In the first study, researchers from the University of Paris in France assessed the effectiveness and safety of hydroxychloroquine compared with standard care in adults admitted to hospital with pneumonia due to COVID-19 who needed oxygen. Of 181 patients, 84 received hydroxychloroquine within 48 hours of admission and 97 did not (control group).
They found no meaningful differences between the groups for transfer to intensive care, death within 7 days, or developing acute respiratory distress syndrome within 10 days.The researchers said that caution is needed in the interpretation of their results, but that their findings do not support the use of hydroxychloroquine in patients hospitalised with COVID-19 pneumonia.
In the second study, researchers in China assessed the effectiveness and safety of hydroxychloroquine compared with standard care in 150 adults hospitalised with mainly mild or moderate COVID-19. Patients were randomly split into two groups.

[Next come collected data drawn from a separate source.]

(* Consider the system of ordinary differential equations \[ \dot u=r_{1}u(1-u)-a_{12}uv-a_{13}uw,\qquad \dot v=r_{2}v(1-v)+a_{21}uv,\qquad \dot w=-\mu w+a_{31}uw, \] with all parameters positive, and its equilibria $E_0=(0,0,0)$, $E_1=(1,0,0)$, $E_2=(0,1,0)$, $E_{12}=(u^*_{12},v^*_{12},0)$ with $u^*_{12}=\frac{r_{2}(r_{1}-a_{12})}{r_{1}r_{2}+a_{12}a_{21}}$, $v^*_{12}=\frac{r_{1}r_{2}+r_{1}a_{21}}{r_{1}r_{2}+a_{12}a_{21}}$, $E_{13}=\left(\frac{\mu}{a_{31}},0,\frac{r_{1}(a_{31}-\mu)}{a_{13}a_{31}}\right)$, and $E_{*}=\left(\frac{\mu}{a_{31}},\,1+\frac{a_{21}\mu}{a_{31}r_{2}},\,\frac{r_{1}r_{2}a_{31}-r_{1}r_{2}\mu-a_{12}a_{31}r_{2}-a_{12}a_{21}\mu}{a_{13}a_{31}r_{2}}\right)$. Then: (i) $E_0$ is unstable. (ii) $E_1$ is unstable. (iii) If $r_1\le a_{12}$, then $E_2$ is globally asymptotically stable (attracting every solution with positive initial data). (iv) If $r_1>a_{12}$ and $\mu>a_{31}u^*_{12}$, then $E_{12}$ is (locally asymptotically) stable. (v) If $a_{31}>\mu$, then $E_{13}$ is unstable. (vi) If $r_{1}r_{2}a_{31}-r_{1}r_{2}\mu-a_{12}a_{31}r_{2}-a_{12}a_{21}\mu>0$, then the positive equilibrium $E_*$ exists and is (locally asymptotically) stable.
   Context: Solutions are considered in the nonnegative orthant. $E_{12}$ lies in the nonnegative orthant exactly when $r_1>a_{12}$, and $E_{13}$ when $a_{31}>\mu$. *)

theory Defs
  imports "HOL-Analysis.Analysis"
begin

type_synonym state = "real \<times> real \<times> real"

definition field :: "real \<Rightarrow> real \<Rightarrow> real \<Rightarrow> real \<Rightarrow> real \<Rightarrow> real \<Rightarrow> real \<Rightarrow> state \<Rightarrow> state" where
  "field r1 r2 a12 a13 a21 a31 mu = (\<lambda>(u, v, w).
     (r1 * u * (1 - u) - a12 * u * v - a13 * u * w,
      r2 * v * (1 - v) + a21 * u * v,
      - mu * w + a31 * u * w))"

definition orthant :: "state set" where
  "orthant = {(u, v, w). u \<ge> 0 \<and> v \<ge> 0 \<and> w \<ge> 0}"

definition pos_orthant :: "state set" where
  "pos_orthant = {(u, v, w). u > 0 \<and> v > 0 \<and> w > 0}"

definition ode_solution :: "(state \<Rightarrow> state) \<Rightarrow> (real \<Rightarrow> state) \<Rightarrow> bool" where
  "ode_solution F x \<longleftrightarrow> (\<forall>t\<ge>0. (x has_vector_derivative F (x t)) (at t within {0..}))"

definition is_equilibrium :: "(state \<Rightarrow> state) \<Rightarrow> state \<Rightarrow> bool" where
  "is_equilibrium F e \<longleftrightarrow> F e = 0"

definition stable_in :: "(state \<Rightarrow> state) \<Rightarrow> state set \<Rightarrow> state \<Rightarrow> bool" where
  "stable_in F D e \<longleftrightarrow>
     (\<forall>\<epsilon>>0. \<exists>\<delta>>0. \<forall>x. ode_solution F x \<and> x 0 \<in> D \<and> dist (x 0) e < \<delta> \<longrightarrow>
        (\<forall>t\<ge>0. dist (x t) e < \<epsilon>))"

definition unstable_in :: "(state \<Rightarrow> state) \<Rightarrow> state set \<Rightarrow> state \<Rightarrow> bool" where
  "unstable_in F D e \<longleftrightarrow> \<not> stable_in F D e"

definition loc_asym_stable_in :: "(state \<Rightarrow> state) \<Rightarrow> state set \<Rightarrow> state \<Rightarrow> bool" where
  "loc_asym_stable_in F D e \<longleftrightarrow> stable_in F D e \<and>
     (\<exists>\<eta>>0. \<forall>x. ode_solution F x \<and> x 0 \<in> D \<and> dist (x 0) e < \<eta> \<longrightarrow> (x \<longlongrightarrow> e) at_top)"

definition glob_asym_stable_in :: "(state \<Rightarrow> state) \<Rightarrow> state set \<Rightarrow> state set \<Rightarrow> state \<Rightarrow> bool" where
  "glob_asym_stable_in F D P e \<longleftrightarrow> stable_in F D e \<and>
     (\<forall>x. ode_solution F x \<and> x 0 \<in> P \<longrightarrow> (x \<longlongrightarrow> e) at_top)"

end

theory Submission
  imports Defs
begin

text \<open>
  The equilibria \<open>E0\<close>, \<open>E1\<close> and \<open>E13\<close> have \<open>v = 0\<close>, and near them the per-capita growth
  rate of \<open>v\<close> is at least \<open>r2 / 2\<close>, so any solution starting with \<open>v > 0\<close> leaves their
  neighbourhood. Such solutions exist for all times because the flow keeps a box invariant; they are
  obtained by Picard iteration for the field clipped to that box, which is globally Lipschitz.

  The equilibria \<open>E2\<close>, \<open>E12\<close> and \<open>E*\<close> are saturated: a species absent from them cannot
  invade. For such an equilibrium \<open>(p, q, s)\<close> the Volterra function
  \<open>V = \<Phi>\<^sub>p(u) + a12/a21 \<Phi>\<^sub>q(v) + a13/a31 \<Phi>\<^sub>s(w)\<close>, with \<open>\<Phi>\<^sub>a(x) = x - a - a ln (x/a)\<close>,
  satisfies \<open>V' \<le> - r1 (u - p)\<^sup>2 - a12/a21 r2 (v - q)\<^sup>2 \<le> 0\<close> along solutions, which gives stability.
  Since \<open>V\<close> is bounded below and the solution is Lipschitz in time, \<open>u \<rightarrow> p\<close> and \<open>v \<rightarrow> q\<close>.
  If \<open>s = 0\<close> and \<open>a31 p < mu\<close>, the \<open>w\<close>-term of \<open>V'\<close> is strictly negative and \<open>w \<rightarrow> 0\<close> in the same
  way; if \<open>s > 0\<close>, then \<open>ln u\<close> converges while its derivative is \<open>- a13 (w - s)\<close> up to a
  vanishing error, which forces \<open>w \<rightarrow> s\<close>.
\<close>

section \<open>Real functions on \<open>[0, \<infinity>)\<close>\<close>

lemma deriv_le_imp_increment_le:
  fixes f :: "real \<Rightarrow> real"
  assumes f': "\<And>t. t \<ge> 0 \<Longrightarrow> (f has_real_derivative f' t) (at t within {0..})"
    and ab: "0 \<le> a" "a \<le> b" and bound: "\<And>t. a < t \<Longrightarrow> t < b \<Longrightarrow> f' t \<le> m"
  shows "f b - f a \<le> m * (b - a)"
proof (cases "a = b")
  case False
  then have "a < b" using ab by simp
  have "continuous_on {0..} f"
    unfolding continuous_on_eq_continuous_within using f' DERIV_continuous by blast
  then have cont: "continuous_on {a..b} f" by (rule continuous_on_subset) (use ab in auto)
  have at: "(f has_real_derivative f' t) (at t)" if "0 < t" for t
    using f'[of t] that at_within_interior[of t "{0..}"] by simp
  have "f differentiable at t" if "a < t" "t < b" for t
    using at[of t] that ab real_differentiable_def by force
  then obtain l z where z: "a < z" "z < b" "(f has_real_derivative l) (at z)" "f b - f a = (b - a) * l"
    using MVT[OF \<open>a < b\<close> cont] by blast
  have "l = f' z" using z at[of z] ab DERIV_unique by force
  then show ?thesis using z bound[of z] \<open>a < b\<close> by (simp add: mult.commute mult_right_mono)
qed simp

lemma deriv_ge_imp_increment_ge:
  fixes f :: "real \<Rightarrow> real"
  assumes f': "\<And>t. t \<ge> 0 \<Longrightarrow> (f has_real_derivative f' t) (at t within {0..})"
    and ab: "0 \<le> a" "a \<le> b" and bound: "\<And>t. a < t \<Longrightarrow> t < b \<Longrightarrow> f' t \<ge> m"
  shows "f b - f a \<ge> m * (b - a)"
  using deriv_le_imp_increment_le[where f="\<lambda>t. - f t" and f'="\<lambda>t. - f' t" and m="- m"] assms
  by (force intro: derivative_intros)

lemma abs_deriv_le_imp_lipschitz:
  fixes f :: "real \<Rightarrow> real"
  assumes f': "\<And>t. t \<ge> 0 \<Longrightarrow> (f has_real_derivative f' t) (at t within {0..})"
    and bound: "\<And>t. t \<ge> 0 \<Longrightarrow> \<bar>f' t\<bar> \<le> K" and "s \<ge> 0" "t \<ge> 0"
  shows "\<bar>f s - f t\<bar> \<le> K * \<bar>s - t\<bar>"
proof -
  have *: "\<bar>f b - f a\<bar> \<le> K * (b - a)" if "0 \<le> a" "a \<le> b" for a b
  proof -
    have "f b - f a \<le> K * (b - a)"
      by (rule deriv_le_imp_increment_le[OF f' that]) (use bound that in \<open>auto simp: abs_le_iff\<close>)
    moreover have "f b - f a \<ge> (- K) * (b - a)"
    proof (rule deriv_ge_imp_increment_ge[OF f' that])
      fix \<tau> assume "a < \<tau>"
      then show "- K \<le> f' \<tau>" using bound[of \<tau>] that by (simp add: abs_le_iff)
    qed
    ultimately show ?thesis by (simp add: abs_le_iff)
  qed
  show ?thesis
    using *[of s t] *[of t s] \<open>s \<ge> 0\<close> \<open>t \<ge> 0\<close> by (cases "s \<le> t") (auto simp: abs_minus_commute)
qed

lemma le_max_if_deriv_nonpos_above:
  fixes f :: "real \<Rightarrow> real"
  assumes f': "\<And>t. t \<ge> 0 \<Longrightarrow> (f has_real_derivative f' t) (at t within {0..})"
    and above: "\<And>t. t \<ge> 0 \<Longrightarrow> f t > M \<Longrightarrow> f' t \<le> 0" and "t \<ge> 0"
  shows "f t \<le> max (f 0) M"
proof (rule ccontr)
  define m where "m = max (f 0) M"
  assume "\<not> f t \<le> max (f 0) M"
  then have ft: "f t > m" unfolding m_def by linarith
  define S where "S = {0..t} \<inter> f -` {..m}"
  have "continuous_on {0..} f"
    unfolding continuous_on_eq_continuous_within using f' DERIV_continuous by blast
  then have "continuous_on {0..t} f" by (rule continuous_on_subset) auto
  then have "closed S" unfolding S_def by (rule continuous_closed_preimage) auto
  moreover have "0 \<in> S" "bdd_above S" using \<open>t \<ge> 0\<close> unfolding S_def m_def by auto
  ultimately have "Sup S \<in> S" using closed_contains_Sup by blast
  then have s0: "0 \<le> Sup S" "Sup S \<le> t" "f (Sup S) \<le> m" unfolding S_def by auto
  \<comment> \<open>after the last time at which \<open>f \<le> m\<close>, \<open>f\<close> stays above \<open>m\<close> and hence cannot increase\<close>
  have "f s > m" if "Sup S < s" "s \<le> t" for s
    using that cSup_upper[OF _ \<open>bdd_above S\<close>, of s] s0 unfolding S_def by force
  then have "f t - f (Sup S) \<le> 0 * (t - Sup S)"
    using s0 by (intro deriv_le_imp_increment_le[OF f'] above) (auto simp: m_def)
  then show False using ft s0 by simp
qed

lemma linear_deriv_imp_exp_integral:
  fixes y g :: "real \<Rightarrow> real"
  assumes y': "\<And>t. t \<ge> 0 \<Longrightarrow> (y has_real_derivative y t * g t) (at t within {0..})"
    and "continuous_on {0..} g" and "t \<ge> 0"
  shows "y t = y 0 * exp (integral {0..t} g)"
proof -
  define G where "G s = integral {0..s} g" for s
  have "continuous_on {0..t} g" using assms(2) by (rule continuous_on_subset) auto
  then have G': "(G has_real_derivative g s) (at s within {0..t})" if "s \<in> {0..t}" for s
    unfolding G_def using integral_has_vector_derivative that
    by (simp add: has_real_derivative_iff_has_vector_derivative)
  have "((\<lambda>s. y s * exp (- G s)) has_real_derivative 0) (at s within {0..t})" if s: "s \<in> {0..t}" for s
  proof -
    have "(y has_real_derivative y s * g s) (at s within {0..t})"
      using DERIV_subset[OF y'[of s]] s by auto
    from DERIV_mult[OF this DERIV_chain2[OF DERIV_exp DERIV_minus[OF G'[OF s]]]]
    show ?thesis by (simp add: algebra_simps)
  qed
  then obtain c where "\<forall>s\<in>{0..t}. y s * exp (- G s) = c"
    using has_field_derivative_zero_constant[of "{0..t}" "\<lambda>s. y s * exp (- G s)"] by auto
  then have "y t * exp (- G t) = y 0 * exp (- G 0)" using \<open>t \<ge> 0\<close> by auto
  then show ?thesis unfolding G_def by (simp add: exp_minus field_simps)
qed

Half received hydroxychloroquine in addition to standard care and the others received standard care only (control group). By day 28, tests revealed similar rates of COVID-19 in the two groups but adverse events were more common in those who received hydroxychloroquine. Symptom alleviation and time to relief of symptoms also did not differ meaningfully between the two groups. While further work is needed to confirm these results, the authors say that their findings do not support the use of hydroxychloroquine to treat patients with persistent mild to moderate COVID-19.
A previous study, published in the journal JAMA Cardiology, found that patients who received hydroxychloroquine for COVID-19 were at an increased risk of electrical changes to the heart and cardiac arrhythmias.
On May 15, a clinical trial has begun in the US to evaluate whether the anti-malaria drug hydroxychloroquine, given together with the antibiotic azithromycin, can prevent COVID-19 hospitalisation and death, according to the National Institutes of Health (NIH).